The idea can be further expanded, for querying data from several databases. Actually, it would work for any signed data.
The only problem is that the current ZK technology doesn’t function well with big data or complicated computations, and you may end up in a state where the proof takes a very long time to make.
Application to proof of humanity
“On the Internet, nobody knows you’re a dog,” says the famous cartoon. Nowadays it’s even worse, on the Internet, nobody knows if you’re a bot or an AI or just one person pretending to be a million people.
This problem can create quite a damage. Let’s look at the example of Gitcoin.
Gitcoin is a project that gives funds to open-source projects based on voting. People vote by donating money to their favorite projects, and in the end, an additional pool of donations from big organizations is spread among the projects based on how much the users donated to each project.
Gitcoin uses something called “quadratic voting”, which basically means that it’s more important how many people donated to you than how much each of them donated.
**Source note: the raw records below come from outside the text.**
lemma hop_edge_sym: "hop_edge E u d v w \<Longrightarrow> hop_edge E u d w v"
  unfolding hop_edge_def using edge_sym by blast

lemma view_adjacent_hop_edge:
  assumes "geodesic p" "geodesic q" "length q \<le> d" "view_adjacent views p q"
  shows "hop_edge E u d (endpoint p) (endpoint q)"
proof -
  obtain j where shown: "p @ [j] \<in> shown_paths views" and close: "\<not> separated views (p @ [j]) q"
    using assms(4) unfolding view_adjacent_def by blast
  have le: "length p \<le> length q" and ne: "endpoint p \<noteq> endpoint q"
    using assms(4) same_endpoint_not_separated unfolding view_adjacent_def by auto
  then have "q \<noteq> []"
    by auto
  have walk_pj: "walk (p @ [j])" and "length p < d"
    using shown_path_walk[OF shown] by auto
  then have edge: "E (endpoint p) (endpoint (p @ [j]))"
    using edge_port_nbr by (simp add: port_walk_snoc walk_end_snoc)
  have "endpoint (p @ [j]) = endpoint q"
  proof (rule ccontr)
    assume "endpoint (p @ [j]) \<noteq> endpoint q"
    moreover have "endpoint (take i p) \<noteq> endpoint q" if "i \<le> length p" for i
      using geodesic_prefix_end_ne[OF assms(2) _ le ne that] assms(1)
      unfolding shortest_walk_def by blast
    ultimately have "\<forall>i\<le>length (p @ [j]). endpoint (take i (p @ [j])) \<noteq> endpoint q"
      by (auto simp: le_Suc_eq)
    then have "separated views (p @ [j]) q"
      using separated_if_avoids[OF assms(2) \<open>q \<noteq> []\<close> assms(3) walk_pj] shown_path_walk[OF shown]
      by blast
    with close show False ..
  qed
  moreover have "endpoint p \<in> hop_nodes E u d" "endpoint q \<in> hop_nodes E u d"
    using assms(1-3) \<open>length p < d\<close> walk_end_in_hop_nodes unfolding shortest_walk_def by auto
  ultimately show ?thesis
    using edge geodesic_not_at_dist[OF assms(1) \<open>length p < d\<close>] unfolding hop_edge_def by simp
qed

lemma hop_edge_view_adjacent:
  assumes "geodesic p" "geodesic q" "length p \<le> length q" "length q \<le> d"
    and "hop_edge E u d (endpoint p) (endpoint q)"
  shows "view_adjacent views p q"
proof -
  have edge: "E (endpoint p) (endpoint q)"
    using assms(5) by (simp add: hop_edge_def)
  then have ne: "endpoint p \<noteq> endpoint q"
    using edge_irrefl by metis
  have "length p < d"
  proof (rule ccontr)
    assume "\<not> length p < d"
    then have "at_dist E u d (endpoint p)" "at_dist E u d (endpoint q)"
      using assms(1-4) geodesic_at_dist by auto
    then show False
      using assms(5) by (simp add: hop_edge_def)
  qed
  define j where "j = \<pi> (endpoint p) (endpoint q)"
  have walk_pj: "walk (p @ [j])" and end_pj: "endpoint (p @ [j]) = endpoint q"
    using port_nbr_port[OF edge] assms(1)
    unfolding j_def shortest_walk_def by (auto simp: port_walk_snoc walk_end_snoc)
  have "q \<noteq> []"
    using assms(3) ne by auto
  have "endpoint (take i p) \<noteq> endpoint q" if "i \<le> length p" for i
    using geodesic_prefix_end_ne[OF assms(2) _ assms(3) ne that] assms(1)
    unfolding shortest_walk_def by blast
  then have "view_at (tau E \<pi> {endpoint q} d u) (p @ [j]) = Dropped"
    using walk_pj end_pj \<open>length p < d\<close> unfolding view_at_tau by simp
  then have "p @ [j] \<in> shown_paths views"
    using geodesic_end_observed[OF assms(2) \<open>q \<noteq> []\<close> assms(4)] unfolding shown_paths_def by force
  moreover have "separated views p q"
    using geodesic_separated[OF assms(2,4) _ assms(3) ne] assms(1) unfolding shortest_walk_def by blast
  ultimately show ?thesis
    unfolding view_adjacent_def using assms(3) end_pj same_endpoint_not_separated by blast
qed

lemma hop_edge_iff_view_adjacent:
  assumes "view_geodesic views p" "view_geodesic views q"
  shows "hop_edge E u d (endpoint p) (endpoint q) \<longleftrightarrow>
    view_adjacent views p q \<or> view_adjacent views q p"
  using assms hop_edge_view_adjacent view_adjacent_hop_edge hop_edge_sym
  unfolding view_geodesic_iff by (metis nat_le_linear)

end

lemma rooted_iso_by_common_labelling:
  assumes "V1 = f1 ` P" "V2 = f2 ` P" "x \<in> P" "f1 x = r1" "f2 x = r2"
    and "\<forall>p\<in>P. \<forall>q\<in>P. f1 p = f1 q \<longleftrightarrow> f2 p = f2 q"
    and "\<forall>p\<in>P. \<forall>q\<in>P. E1 (f1 p) (f1 q) \<longleftrightarrow> E2 (f2 p) (f2 q)"
  shows "rooted_iso V1 E1 r1 V2 E2 r2"
proof -
  define g where "g = f2 \<circ> inv_into P f1"
  have g: "g (f1 p) = f2 p" if "p \<in> P" for p
  proof -
    have "inv_into P f1 (f1 p) \<in> P" "f1 (inv_into P f1 (f1 p)) = f1 p"
      using that by (auto intro: inv_into_into f_inv_into_f)
    then show ?thesis
      using assms(6) that unfolding g_def by auto
  qed
  have "inj_on g V1"
    using assms(1,6) g by (auto intro!: inj_onI)
  moreover have "g ` V1 = V2"
    using assms(1,2) g by (auto simp: image_comp cong: image_cong)
  moreover have "\<forall>v\<in>V1. \<forall>w\<in>V1. E1 v w \<longleftrightarrow> E2 (g v) (g w)"
    using assms(1,7) g by auto
  ultimately show ?thesis
    unfolding rooted_iso_def bij_betw_def using g assms(3-5) by metis
qed

theorem theorem4:
  fixes V1 :: "'a set" and E1 :: "'a \<Rightarrow> 'a \<Rightarrow> bool" and \<pi>1 :: "'a \<Rightarrow> 'a \<Rightarrow> nat"
    and V2 :: "'b set" and E2 :: "'b \<Rightarrow> 'b \<Rightarrow> bool" and \<pi>2 :: "'b \<Rightarrow> 'b \<Rightarrow> nat"
    and u1 :: 'a and u2 :: 'b and d :: nat
    and F1 :: "'a set set" and F2 :: "'b set set"
  assumes "d \<ge> 1"
    and "finite_graph V1 E1" and "port_numbering V1 E1 \<pi>1" and "u1 \<in> V1"
    and "finite_graph V2 E2" and "port_numbering V2 E2 \<pi>2" and "u2 \<in> V2"
    and "\<forall>S\<in>F1. S \<subseteq> hop_nodes E1 u1 d - {u1}"
    and "\<forall>v\<in>hop_nodes E1 u1 d - {u1}. {v} \<in> F1"
    and "\<forall>S\<in>F2. S \<subseteq> hop_nodes E2 u2 d - {u2}"
    and "\<forall>v\<in>hop_nodes E2 u2 d - {u2}. {v} \<in> F2"
    and "\<not> rooted_iso (hop_nodes E1 u1 d) (hop_edge E1 u1 d) u1
                     (hop_nodes E2 u2 d) (hop_edge E2 u2 d) u2"
  shows "(\<lambda>S. tau E1 \<pi>1 S d u1) ` F1 \<noteq> (\<lambda>S. tau E2 \<pi>2 S d u2) ` F2"
proof
  interpret G1: dropout_views V1 E1 \<pi>1 u1 d F1
    using assms by unfold_locales auto
  interpret G2: dropout_views V2 E2 \<pi>2 u2 d F2
    using assms by unfold_locales auto
  assume views_eq: "(\<lambda>S. tau E1 \<pi>1 S d u1) ` F1 = (\<lambda>S. tau E2 \<pi>2 S d u2) ` F2"
  let ?P = "{p. view_geodesic ((\<lambda>S. tau E1 \<pi>1 S d u1) ` F1) p}"
  have "rooted_iso (hop_nodes E1 u1 d) (hop_edge E1 u1 d) u1
                   (hop_nodes E2 u2 d) (hop_edge E2 u2 d) u2"
  proof (rule rooted_iso_by_common_labelling[where P = ?P and x = "[]"])
    show "hop_nodes E1 u1 d = G1.endpoint ` ?P" "hop_nodes E2 u2 d = G2.endpoint ` ?P"
      using G1.hop_nodes_eq_view_geodesic_ends G2.hop_nodes_eq_view_geodesic_ends views_eq by simp_all
    show "[] \<in> ?P"
      using G1.view_geodesic_Nil by simp
    show "\<forall>p\<in>?P. \<forall>q\<in>?P. G1.endpoint p = G1.endpoint q \<longleftrightarrow> G2.endpoint p = G2.endpoint q"
      using G1.endpoint_eq_iff_not_separated G2.endpoint_eq_iff_not_separated views_eq by simp
    show "\<forall>p\<in>?P. \<forall>q\<in>?P. hop_edge E1 u1 d (G1.endpoint p) (G1.endpoint q) \<longleftrightarrow>
                          hop_edge E2 u2 d (G2.endpoint p) (G2.endpoint q)"
      using G1.hop_edge_iff_view_adjacent G2.hop_edge_iff_view_adjacent views_eq by simp
  qed simp_all
  with assms(12) show False ..
qed

end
This worked well for a while, till projects started to cheat and launched Sybill attacks. In a Sybil attack, one person creates thousands of bots, each donates 1$ to their project, making it seem like the project has many supporters though in practice it had very little.
The situation got so bad that in Round 12 of Gitcoin 27.9% of the users were flagged as bots, and who knows how many they missed?
To mitigate things Gitcoin Passport was launched. With Gitcoin Passport you collect signed certificates (they call it stamps) from all kinds of sources and then get a “humanity score” based on all the certificates you collected.
This is a good approach for proof of humanity, where you don’t trust one method or one entity but rather distribute your trust. The main issue with this approach is that every time you want to prove you are human you have to show all your certificates, and that’s just terrible for privacy.
This can be solved easily with ZK proofs. We even made a proof-of-concept below that does that!
How it work in practice? Safecat + Noir example
Noir is a well-known ZK programming language by Aztec, while Safecat is a simple CLI tool meant for experimentation.
In this example, I generated with Safecat a data set of entities and signed certificates of humanity. Two of the entities, Einstein and Euclid (I went funny with the names), signed a certificate claiming another entity, Satoshi (funnnny!), is a human, including its date of birth.
The set of trusted entities is put into a Merkle tree and is represented by the Merkle root.
Then we build a Noir program that does the following. It gets the two signed certificates (as private input), and the hash path proving the signers are in the Merkle tree (also as a private input). It verifies that these certificates were indeed signed for Satoshi and that they are still not expired.
See the full details here.
The program is quite unelegant, but don’t let it influence your opinion about Noir or zk programming! This is really my fault more than anything.
The program is based on the certificates having EdDSA signatures using Baby Jubjub, which is what Noir likes. It makes everything a bit simple to implement and faster to prove and verify.
Can you already do a similar thing now to something like Gitcoin Passport? Emphatically yes! It would help though if the signatures in the pass would be in a format Noir likes, but is not crucial.